_WHAT THIS TASK INVOLVES:_ Only the line with "by (intro exp1_PiM.nn_integral_fst[symmetric])" and the lines after it, to the end of the data, should appear in the answer, each reproduced exactly.

_STORED DATA:_
Content starts

lemma nn_integral_delay_event:
  assumes m: "2 \<le> m" and i: "i < n" and \<alpha>: "0 \<le> \<alpha>" and s: "0 \<le> s" and del: "0 < del"
  shows "(\<integral>\<^sup>+x. of_bool (delay_event m lam del n \<alpha> s i x) \<partial>fm_space m n) =
    (\<integral>\<^sup>+v. chosen_relay_prob lam del \<alpha> s v \<partial>relay_dist m)
      * (\<integral>\<^sup>+v. missed_relay_prob lam del \<alpha> v \<partial>relay_dist m) ^ (n - 1)
      * ennreal (exp (- ((\<alpha> + s) * del)))"
proof -
  define F where "F j = (if j = i then chosen_relay_prob lam del \<alpha> s else missed_relay_prob lam del \<alpha>)" for j
  have F_measurable: "F j \<in> borel_measurable (relay_dist m)" for j
    by (simp add: F_def)
  interpret exp1_PiM: prob_space exp1_PiM
    by (rule prob_space_PiM[OF prob_space_exp1])
  interpret relays: product_sigma_finite "\<lambda>_. relay_dist m"
    unfolding product_sigma_finite_def
    using prob_space_imp_sigma_finite[OF prob_space_relay_dist[OF m]] by blast
  have "(\<integral>\<^sup>+x. of_bool (delay_event m lam del n \<alpha> s i x) \<partial>fm_space m n) =
      (\<integral>\<^sup>+\<rho>. \<integral>\<^sup>+\<omega>. of_bool (delay_event m lam del n \<alpha> s i (\<rho>, \<omega>)) \<partial>exp1_PiM \<partial>PiM {..<n} (\<lambda>_. relay_dist m))"
    using measurable_delay_event[OF m del i] unfolding fm_space_def
    by (intro exp1_PiM.nn_integral_fst[symmetric]) simp
  also have "\<dots> = (\<integral>\<^sup>+\<rho>. (\<Prod>j<n. F j (\<rho> j)) * ennreal (exp (- ((\<alpha> + s) * del))) \<partial>PiM {..<n} (\<lambda>_. relay_dist m))"
    using nn_integral_delay_event_given_profiles[OF m i \<alpha> s del]
    by (simp add: F_def if_distrib[of "\<lambda>f. f _"])
  also have "\<dots> = (\<Prod>j<n. \<integral>\<^sup>+v. F j v \<partial>relay_dist m) * ennreal (exp (- ((\<alpha> + s) * del)))"
    using F_measurable
    by (simp add: nn_integral_multc relays.product_nn_integral_prod
        borel_measurable_prod_ennreal measurable_compose[OF measurable_component_singleton])
  also have "(\<Prod>j<n. \<integral>\<^sup>+v. F j v \<partial>relay_dist m) =
      (\<integral>\<^sup>+v. chosen_relay_prob lam del \<alpha> s v \<partial>relay_dist m)
        * (\<integral>\<^sup>+v. missed_relay_prob lam del \<alpha> v \<partial>relay_dist m) ^ (n - 1)"
    using i by (simp add: F_def if_distrib[of "\<lambda>f. integral\<^sup>N _ f"] prod_lessThan_if_remove)
  finally show ?thesis .
qed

Content ends

_EXERCISE OUTPUT:_
    by (intro exp1_PiM.nn_integral_fst[symmetric]) simp
  also have "\<dots> = (\<integral>\<^sup>+\<rho>. (\<Prod>j<n. F j (\<rho> j)) * ennreal (exp (- ((\<alpha> + s) * del))) \<partial>PiM {..<n} (\<lambda>_. relay_dist m))"
    using nn_integral_delay_event_given_profiles[OF m i \<alpha> s del]
    by (simp add: F_def if_distrib[of "\<lambda>f. f _"])
  also have "\<dots> = (\<Prod>j<n. \<integral>\<^sup>+v. F j v \<partial>relay_dist m) * ennreal (exp (- ((\<alpha> + s) * del)))"
    using F_measurable
    by (simp add: nn_integral_multc relays.product_nn_integral_prod
        borel_measurable_prod_ennreal measurable_compose[OF measurable_component_singleton])
  also have "(\<Prod>j<n. \<integral>\<^sup>+v. F j v \<partial>relay_dist m) =
      (\<integral>\<^sup>+v. chosen_relay_prob lam del \<alpha> s v \<partial>relay_dist m)
        * (\<integral>\<^sup>+v. missed_relay_prob lam del \<alpha> v \<partial>relay_dist m) ^ (n - 1)"
    using i by (simp add: F_def if_distrib[of "\<lambda>f. integral\<^sup>N _ f"] prod_lessThan_if_remove)
  finally show ?thesis .
qed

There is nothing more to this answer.